EXERCISE DATA
lemma gen_closed:
  assumes "subring_of R"
  shows "0 \<in> gen R S" "\<forall>x\<in>gen R S. \<forall>y\<in>gen R S. x + y \<in> gen R S"
    "\<forall>r\<in>R. \<forall>x\<in>gen R S. r * x \<in> gen R S"
  using gen_0 gen_add[OF subring_0[OF assms] subring_add[OF assms]] gen_smult[OF assms] by auto

lemma gen_gen: "subring_of R \<Longrightarrow> gen R (gen R S) = gen R S"
  by (rule antisym, rule gen_least[OF gen_closed]) (auto intro: gen_mono gen_base subring_1)

lemma gen_subset_ideal: "is_ideal R I \<Longrightarrow> S \<subseteq> I \<Longrightarrow> gen R S \<subseteq> I"
  unfolding is_ideal_def by (intro gen_least) auto

lemma gen_ideal: "subring_of R \<Longrightarrow> S \<subseteq> R \<Longrightarrow> is_ideal R (gen R S)"
  unfolding is_ideal_def using gen_closed[of R S] gen_least[of R R S]
  by (auto simp: subring_0 subring_add subring_mult)

lemma submod_gen: "subring_of R \<Longrightarrow> s \<in> S \<Longrightarrow> s \<noteq> 0 \<Longrightarrow> submod R (gen R S)"
  unfolding submod_def using gen_closed[of R S] gen_base[of s S R] subring_1 by fastforce

lemma gen_finite_support:
  "finite S0 \<Longrightarrow> S0 \<subseteq> gen R C \<Longrightarrow> \<exists>C'. finite C' \<and> C' \<subseteq> C \<and> S0 \<subseteq> gen R C'"
proof (induction S0 rule: finite_induct)
  case empty then show ?case by auto
next
  case (insert x S0)
  then obtain C1 where C1: "finite C1" "C1 \<subseteq> C" "S0 \<subseteq> gen R C1" by auto
  obtain T c where T: "finite T" "T \<subseteq> C" "\<forall>s\<in>T. c s \<in> R" "x = (\<Sum>s\<in>T. c s * s)"
    using insert(4) by (auto elim: genE)
  have "x \<in> gen R (C1 \<union> T)" using genI[of T "C1 \<union> T" c R] T by auto
  moreover have "S0 \<subseteq> gen R (C1 \<union> T)" using C1(3) gen_mono[of C1 "C1 \<union> T" R] by auto
  ultimately show ?case using C1 T by (intro exI[of _ "C1 \<union> T"]) auto
qed

lemma colon_ideal:
  assumes sr: "subring_of R" and I: "is_ideal R I" and a: "a \<in> R" "a \<notin> I"
  shows "is_ideal R {y \<in> R. y * a \<in> I}" "I \<subseteq> {y \<in> R. y * a \<in> I}" "{y \<in> R. y * a \<in> I} \<noteq> R"
proof -
  show "is_ideal R {y \<in> R. y * a \<in> I}" unfolding is_ideal_def
    using ideal_0[OF I] ideal_add[OF I] ideal_mult[OF I] sr
    by (auto simp: distrib_right mult.assoc subring_of_def)
  show "I \<subseteq> {y \<in> R. y * a \<in> I}" using ideal_sub[OF I] ideal_mult2[OF I a(1)] by auto
  show "{y \<in> R. y * a \<in> I} \<noteq> R"
  proof
    assume "{y \<in> R. y * a \<in> I} = R"
    then have "1 * a \<in> I" using subring_1[OF sr] by blast
    then show False using a(2) by simp
  qed
qed

text \<open>For any operation \<open>cl\<close> on ideals that is extensive and compatible with colon ideals,
  the maximal proper quasi-\<open>cl\<close>-ideals are prime: for \<open>a \<notin> I\<close> the colon ideal \<open>(I : a)\<close> is a
  proper quasi-\<open>cl\<close>-ideal containing \<open>I\<close>, hence equal to \<open>I\<close>.\<close>

lemma QMax_prime:
  assumes sr: "subring_of R"
    and ext: "\<And>I. is_ideal R I \<Longrightarrow> I \<noteq> {0} \<Longrightarrow> I \<subseteq> cl I"
    and colon: "\<And>I a x. quasi_ideal R cl I \<Longrightarrow> a \<in> R \<Longrightarrow> a \<notin> I \<Longrightarrow>
                  x \<in> cl {y \<in> R. y * a \<in> I} \<Longrightarrow> x * a \<in> cl I"
    and I: "I \<in> QMax R cl"
  shows "I \<in> Spec R"
proof -
  have qI: "quasi_ideal R cl I" "I \<noteq> R"
    and maxI: "\<And>J. quasi_ideal R cl J \<Longrightarrow> J \<noteq> R \<Longrightarrow> I \<subseteq> J \<Longrightarrow> J = I"
    using I unfolding QMax_def by auto
  have idI: "is_ideal R I" and I0: "I \<noteq> {0}" and Iq: "cl I \<inter> R = I"
    using qI unfolding quasi_ideal_def by auto
  have "b \<in> I" if ab: "a \<in> R" "b \<in> R" "a * b \<in> I" and na: "a \<notin> I" for a b
  proof -
    define C where "C = {y \<in> R. y * a \<in> I}"
    note C = colon_ideal[OF sr idI ab(1) na, folded C_def]
    have C0: "C \<noteq> {0}" using C(2) I0 ideal_0[OF idI] by blast
    have "cl C \<inter> R \<subseteq> C"
      using colon[OF qI(1) ab(1) na] Iq subring_mult[OF sr] ab(1) unfolding C_def by blast
    moreover have "C \<subseteq> cl C \<inter> R" using ext[OF C(1) C0] ideal_sub[OF C(1)] by blast
    ultimately have "quasi_ideal R cl C" unfolding quasi_ideal_def using C(1) C0 by blast
    then have "C = I" using maxI C(2,3) by blast
    moreover have "b \<in> C" using ab unfolding C_def by (simp add: mult.commute)
    ultimately show "b \<in> I" by simp
  qed
  then show ?thesis unfolding Spec_def using idI qI(2) by blast
qed

lemma chain_Union_ideal:
  assumes C: "\<C> \<noteq> {}" "\<And>X. X \<in> \<C> \<Longrightarrow> is_ideal R X"
    and chain: "\<And>X Y. X \<in> \<C> \<Longrightarrow> Y \<in> \<C> \<Longrightarrow> X \<subseteq> Y \<or> Y \<subseteq> X"
  shows "is_ideal R (\<Union>\<C>)"
  unfolding is_ideal_def
proof (intro conjI ballI)
  show "\<Union>\<C> \<subseteq> R" using C(2) ideal_sub by blast
  show "0 \<in> \<Union>\<C>" using C ideal_0 by blast
next
  fix x y assume "x \<in> \<Union>\<C>" "y \<in> \<Union>\<C>"
  then obtain X Y where "X \<in> \<C>" "Y \<in> \<C>" "x \<in> X" "y \<in> Y" by auto
  then show "x + y \<in> \<Union>\<C>" using chain[of X Y] C(2) ideal_add by blast
next
  fix r x assume "r \<in> R" "x \<in> \<Union>\<C>"
  then show "r * x \<in> \<Union>\<C>" using C(2) ideal_mult by blast
qed

text \<open>Throughout, \<open>R\<close> is a subring of a field (whose quotient field need not be the whole
  field unless stated), and \<open>st\<close> a semistar operation on \<open>R\<close>.\<close>

locale field_subring =
  fixes R :: "'f::field set"
  assumes sr: "subring_of R"

locale semistar_subring = field_subring R for R :: "'f::field set" +
  fixes st :: "'f set \<Rightarrow> 'f set"
  assumes ss: "semistar R st"
begin

lemma st_submod: "submod R E \<Longrightarrow> submod R (st E)"
  using ss[unfolded semistar_def, THEN conjunct1] by simp
lemma st_scale: "submod R E \<Longrightarrow> x \<noteq> 0 \<Longrightarrow> st ((\<lambda>e. x * e) ` E) = (\<lambda>e. x * e) ` st E"
  using ss[unfolded semistar_def, THEN conjunct2, THEN conjunct1] by simp
lemma st_mono: "submod R E \<Longrightarrow> submod R F \<Longrightarrow> E \<subseteq> F \<Longrightarrow> st E \<subseteq> st F"
  using ss[unfolded semistar_def, THEN conjunct2, THEN conjunct2, THEN conjunct1] by simp
lemma st_ext: "submod R E \<Longrightarrow> E \<subseteq> st E"
  using ss[unfolded semistar_def, THEN conjunct2, THEN conjunct2, THEN conjunct2, THEN conjunct1] by simp
lemma st_idem: "submod R E \<Longrightarrow> st (st E) = st E"
  using ss[unfolded semistar_def, THEN conjunct2, THEN conjunct2, THEN conjunct2, THEN conjunct2] by simp

lemma submod_0: "submod R E \<Longrightarrow> 0 \<in> E" unfolding submod_def by auto
lemma submod_add: "submod R E \<Longrightarrow> x \<in> E \<Longrightarrow> y \<in> E \<Longrightarrow> x + y \<in> E" unfolding submod_def by auto
lemma submod_mult: "submod R E \<Longrightarrow> r \<in> R \<Longrightarrow> x \<in> E \<Longrightarrow> r * x \<in> E" unfolding submod_def by auto

lemma R_submod: "submod R R"
  using sr subring_1[OF sr] unfolding submod_def subring_of_def by force

lemma one_st_R: "1 \<in> st R"
  using st_ext[OF R_submod] subring_1[OF sr] by blast

lemma fg_frac_submod: "fg_frac R F \<Longrightarrow> submod R F"
proof -
  assume "fg_frac R F"
  then obtain S where S: "F = gen R S" "F \<noteq> {0}" unfolding fg_frac_def by blast
  have "S \<noteq> {} \<and> S \<noteq> {0}"
    using S gen_least[of "{0}" R S] gen_0[of R S] by auto
  then obtain s where "s \<in> S" "s \<noteq> 0" by blast
  then show ?thesis using submod_gen[OF sr] S(1) by blast
qed

lemma fg_single: "x \<noteq> 0 \<Longrightarrow> fg_frac R (gen R {x})"
  using gen_base[of x "{x}" R] subring_1[OF sr] unfolding fg_frac_def by blast

lemma submod_scale:
  assumes E: "submod R E" and a: "a \<noteq> 0"
  shows "submod R ((\<lambda>e. a * e) ` E)"
  unfolding submod_def
proof (intro conjI ballI)
  show "0 \<in> (\<lambda>e. a * e) ` E" using submod_0[OF E] by (auto intro!: image_eqI[of 0 _ 0])
  obtain y where "y \<in> E" "y \<noteq> 0" using E unfolding submod_def by auto
  then show "(\<lambda>e. a * e) ` E \<noteq> {0}" using a by (auto dest!: equalityD1)
next
  fix x y assume "x \<in> (\<lambda>e. a * e) ` E" "y \<in> (\<lambda>e. a * e) ` E"
  then obtain u v where "u \<in> E" "v \<in> E" "x = a * u" "y = a * v" by auto
  then have "u + v \<in> E" "x + y = a * (u + v)" using submod_add[OF E] by (auto simp: distrib_left)
  then show "x + y \<in> (\<lambda>e. a * e) ` E" by blast
next
  fix r x assume "r \<in> R" "x \<in> (\<lambda>e. a * e) ` E"
  then obtain u where "u \<in> E" "x = a * u" by auto
  then show "r * x \<in> (\<lambda>e. a * e) ` E" using submod_mult[OF E \<open>r \<in> R\<close>]
    by (auto simp: mult.left_commute)
qed

lemma star_fI: "fg_frac R F \<Longrightarrow> F \<subseteq> E \<Longrightarrow> x \<in> st F \<Longrightarrow> x \<in> star_f R st E"
  unfolding star_f_def by blast
lemma star_fE: "x \<in> star_f R st E \<Longrightarrow> (\<And>F. fg_frac R F \<Longrightarrow> F \<subseteq> E \<Longrightarrow> x \<in> st F \<Longrightarrow> thesis) \<Longrightarrow> thesis"
  unfolding star_f_def by blast
lemma star_f_mono: "E \<subseteq> E' \<Longrightarrow> star_f R st E \<subseteq> star_f R st E'"
  unfolding star_f_def by blast

lemma star_f_le: "E \<subseteq> R \<Longrightarrow> star_f R st E \<subseteq> st R"
proof
  fix x assume "E \<subseteq> R" "x \<in> star_f R st E"
  then obtain F where F: "fg_frac R F" "F \<subseteq> E" "x \<in> st F" by (auto elim: star_fE)
  have "st F \<subseteq> st R" using st_mono[OF fg_frac_submod[OF F(1)] R_submod] F(2) \<open>E \<subseteq> R\<close> by blast
  then show "x \<in> st R" using F(3) by blast
qed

PROBLEM DESCRIPTION
Reproduce the records above exactly, from the first line to the line that holds "using insert(4) by (auto elim: genE)", inclusive, and omit everything after it.

RESULT FOR THIS TASK
lemma gen_closed:
  assumes "subring_of R"
  shows "0 \<in> gen R S" "\<forall>x\<in>gen R S. \<forall>y\<in>gen R S. x + y \<in> gen R S"
    "\<forall>r\<in>R. \<forall>x\<in>gen R S. r * x \<in> gen R S"
  using gen_0 gen_add[OF subring_0[OF assms] subring_add[OF assms]] gen_smult[OF assms] by auto

lemma gen_gen: "subring_of R \<Longrightarrow> gen R (gen R S) = gen R S"
  by (rule antisym, rule gen_least[OF gen_closed]) (auto intro: gen_mono gen_base subring_1)

lemma gen_subset_ideal: "is_ideal R I \<Longrightarrow> S \<subseteq> I \<Longrightarrow> gen R S \<subseteq> I"
  unfolding is_ideal_def by (intro gen_least) auto

lemma gen_ideal: "subring_of R \<Longrightarrow> S \<subseteq> R \<Longrightarrow> is_ideal R (gen R S)"
  unfolding is_ideal_def using gen_closed[of R S] gen_least[of R R S]
  by (auto simp: subring_0 subring_add subring_mult)

lemma submod_gen: "subring_of R \<Longrightarrow> s \<in> S \<Longrightarrow> s \<noteq> 0 \<Longrightarrow> submod R (gen R S)"
  unfolding submod_def using gen_closed[of R S] gen_base[of s S R] subring_1 by fastforce

lemma gen_finite_support:
  "finite S0 \<Longrightarrow> S0 \<subseteq> gen R C \<Longrightarrow> \<exists>C'. finite C' \<and> C' \<subseteq> C \<and> S0 \<subseteq> gen R C'"
proof (induction S0 rule: finite_induct)
  case empty then show ?case by auto
next
  case (insert x S0)
  then obtain C1 where C1: "finite C1" "C1 \<subseteq> C" "S0 \<subseteq> gen R C1" by auto
  obtain T c where T: "finite T" "T \<subseteq> C" "\<forall>s\<in>T. c s \<in> R" "x = (\<Sum>s\<in>T. c s * s)"
    using insert(4) by (auto elim: genE)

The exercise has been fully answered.